Но, может быть, окажется, что человеческая природа превратилась в божество? Однако, как могло это случиться, если божество при рождении Христовом приняло и душу и тело человеческие? В самом деле, не всякая вещь и не во всякую может переходить и превращаться. Известно, что субстанции бывают телесные и бестелесные; так вот, телесные не могут изменяться в бестелесные, и наоборот – бестелесные в имеющие тело; бестелесные субстанции также и между собой не меняются свойственных им формами; изменяться друг в друга и преобразовываться могут только те субстанции, у которых имеется общее подлежащее – одна материя, да и из этих не все, а лишь те, которые могут и воздействовать друг на друга, и претерпевать друг от друга. А доказывается это таким образом; медь не может превратиться в камень или стать травой, любое тело не может преобразоваться в какое угодно иное, если не будет у переходящих друг в друга [тел], во-первых, одной и той же материи, и если, во- вторых, они не могут взаимно испытывать воздействия друг от друга: так, вино смешивается с водой, ибо оба они таковы, что равно могут и воздействовать друг на друга, и испытывать воздействие друг от друга. В самом деле, и качество воды испытывает нечто под действием качества вина, и качество вина – от воды. А если воды было много, а вина – чуть-чуть, то не говорят, что они смешаны: одно совершенно уничтожается качеством другого. Так, если кто-нибудь выльет вино в море, оно не примешается к морю, но уничтожится в нем. поскольку качество воды, в силу обилия своего тела, ничего не претерпело от качества вина, но, скорее, претворило качество вина в свое собственное – благодаря своей величине. Если же природы, которые могут воздействовать друг на друга и друг от друга претерпевать, окажутся средней величины и равны между собою, или, если неравны, то ненамного, тогда они смешиваются и проникают друг в друга средними своими качествами. И это действительно имеет место в телах, хотя и не во всех, а лишь в тех, что могут испытывать взаимное воздействие, имея в качестве подлежащего одну и ту же общую материю. Ведь все тела, существующие (subsistit) в возникновении и уничтожении, имеют общую материю, но не все тела не на все другие и не во всех других могут оказывать или испытывать какое-либо воздействие.

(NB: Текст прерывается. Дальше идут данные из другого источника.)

lemma motzkin_summand_Suc_right:
  "int ((k + 1) * (k + 2)) * motzkin_summand m (k + 1)
     = (int m - 2 * int k) * (int m - 2 * int k - 1) * motzkin_summand m k"
proof (cases "2*k + 1 \<le> m")
  case True
  define B0 B1 B2 where "B0 = m choose (2*k)" and "B1 = m choose (2*k + 1)"
    and "B2 = m choose (2*k + 2)"
  define C C' where "C = catalan k" and "C' = catalan (k + 1)"
  have B2: "(2*k + 2) * B2 = (m - (2*k + 1)) * B1"
    unfolding B1_def B2_def using binomial_Suc_absorb[of "2*k + 1" m, unfolded add.assoc one_add_one] .
  have B1: "(2*k + 1) * B1 = (m - 2*k) * B0"
    unfolding B0_def B1_def using binomial_Suc_absorb[of "2*k" m] .
  have "(k + 1) * (k + 2) * (B2 * C') = (k + 1) * B2 * ((k + 2) * C')"
    by (simp only: ac_simps)
  also have "\<dots> = ((2*k + 1) * ((2*k + 2) * B2)) * C"
    unfolding C_def C'_def catalan_Suc by (simp add: algebra_simps)
  also have "\<dots> = (m - 2*k) * (m - (2*k + 1)) * B0 * C"
    unfolding B2 mult.left_commute[of "2*k + 1"] B1 by (simp only: ac_simps)
  finally have "int ((k + 1) * (k + 2)) * int (B2 * C') = int (m - 2*k) * int (m - (2*k + 1)) * int (B0 * C)"
    by (simp only: mult.assoc flip: of_nat_mult)
  moreover have "int (m - 2*k) = int m - 2 * int k" "int (m - (2*k + 1)) = int m - 2 * int k - 1"
    using True by auto
  ultimately show ?thesis
    unfolding B0_def B2_def C_def C'_def motzkin_summand_def by (simp only: distrib_left mult_1_right)
next
  case False
  then consider "m = 2*k" | "m < 2*k" by linarith
  then show ?thesis
    by cases (simp_all add: motzkin_summand_eq_0)
qed

abbreviation M :: "nat \<Rightarrow> int" where
  "M n \<equiv> int (motzkin n)"

lemma motzkin_recurrence:
  assumes "n \<ge> 1"
  shows "int (n + 3) * M (n + 1) = int (2*n + 3) * M n + int (3*n) * M (n - 1)"
proof -
  define T where "T k = motzkin_summand (n + 1) k" for k
  \<comment> \<open>the certificate of the creative telescoping\<close>
  define f where "f k = int (k * (k + 1)) * T k" for k
  have step: "int n * int (n + 1) * (int (n + 3) * T k - int (2*n + 3) * motzkin_summand n k
                - int (3*n) * motzkin_summand (n - 1) k) = 4 * int n * (f k - f (Suc k))" for k
  proof -
    define u where "u = int n + 1 - 2 * int k"
    define a b where "a = motzkin_summand n k" and "b = motzkin_summand (n - 1) k"
    have a: "int (n + 1) * a = u * T k"
      unfolding a_def u_def T_def by (rule motzkin_summand_Suc_left)
    have b: "int n * b = (u - 1) * a"
      using motzkin_summand_Suc_left[of "n - 1" k] assms unfolding a_def b_def u_def
      by simp
    have f_Suc: "f (Suc k) = u * (u - 1) * T k"
      using motzkin_summand_Suc_right[of k "n + 1"] unfolding f_def T_def u_def
      by (simp add: algebra_simps)
    have "int n * int (n + 1) * (int (n + 3) * T k - int (2*n + 3) * a - int (3*n) * b)
          = int n * (int (n + 1) * int (n + 3) * T k - int (2*n + 3) * (int (n + 1) * a)
              - 3 * int (n + 1) * (int n * b))"
      by (simp add: algebra_simps)
    also have "\<dots> = int n * (int (n + 1) * int (n + 3) * T k - int (2*n + 3) * (int (n + 1) * a)
              - 3 * (u - 1) * (int (n + 1) * a))"
      unfolding b by (simp add: algebra_simps)
    also have "\<dots> = int n * T k * (int (n + 1) * int (n + 3) - int (2*n + 3) * u - 3 * u * (u - 1))"
      unfolding a by (simp add: algebra_simps)
    also have "\<dots> = 4 * int n * (f k - f (Suc k))"
      unfolding f_Suc by (simp add: f_def u_def algebra_simps)
    finally show ?thesis unfolding a_def b_def .
  qed
  define N where "N = n + 2"
  have sums: "int (motzkin (n + 1)) = (\<Sum>k<N. T k)" "int (motzkin n) = (\<Sum>k<N. motzkin_summand n k)"
    "int (motzkin (n - 1)) = (\<Sum>k<N. motzkin_summand (n - 1) k)"
    unfolding T_def N_def by (rule motzkin_eq_sum_summand; simp)+
  have "int n * int (n + 1) * (int (n + 3) * int (motzkin (n + 1)) - int (2*n + 3) * int (motzkin n)
          - int (3*n) * int (motzkin (n - 1)))
        = (\<Sum>k<N. int n * int (n + 1) * (int (n + 3) * T k - int (2*n + 3) * motzkin_summand n k
                - int (3*n) * motzkin_summand (n - 1) k))"
    unfolding sums by (simp add: sum_distrib_left sum_subtractf right_diff_distrib)
  also have "\<dots> = 4 * int n * (f 0 - f N)"
    by (simp only: step sum_lessThan_telescope' flip: sum_distrib_left)
  also have "\<dots> = 0"
    unfolding f_def T_def N_def by (simp add: motzkin_summand_eq_0)
  finally show ?thesis
    using assms by simp
qed

section \<open>A closed form for the weighted sum of squares\<close>

lemma motzkin_0 [simp]: "motzkin 0 = 1"
  and motzkin_Suc_0 [simp]: "motzkin (Suc 0) = 1"
  by (simp_all add: motzkin_def catalan_def)

definition motzkin_square_sum :: "nat \<Rightarrow> int" where
  "motzkin_square_sum n = (\<Sum>k=1..n. int ((2*k + 1) * (motzkin k)^2))"

definition Q_form :: "nat \<Rightarrow> int" where
  "Q_form n = - (4 * int n^2 + 17 * int n + 12) * M n^2 + 6 * (4 * int n^2 + 11 * int n + 6) * M n * M (n - 1)
      - 9 * int n * (4 * int n + 5) * M (n - 1)^2"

И уж никоим образом не могут тела превращаться в бестелесные [субстанции], ибо у них нет общей материи в качестве подлежащего, которому и те, и другие были бы причастны и которое, принимая различные качества, позволяло бы им изменяться друг в друга. Ведь всякая природа бестелесной субстанции обходится без какого- либо материального основания; но нет ни одного тела, которому не служила бы подлежащим материя. А раз дело обстоит именно так – раз даже [вещи], имеющие общую материю, не могут переходить одна в другую, если не наделены в придачу еще и способностью взаимного воздействия и претерпевания, то тем более не будут превращаться друг в друга те, у кого не только нет общей материи, но одни – как тело – существуют благодаря материальному основанию, другие же – как бестелесные субстанции – вовсе не нуждаются в материальном подлежащем.

Итак, тело никоим образом не может перейти в бестелесный вид; но и сами бестелесные [субстанции] между собой не могут смешиваться или друг в друга превращаться. Ибо [вещи], не имеющие общей материи, не могут пи переходить, ни обращаться друг в друга. Л у бестелесных вещей нет никакой материи; следовательно, они никак не могут изменяться одна в другую.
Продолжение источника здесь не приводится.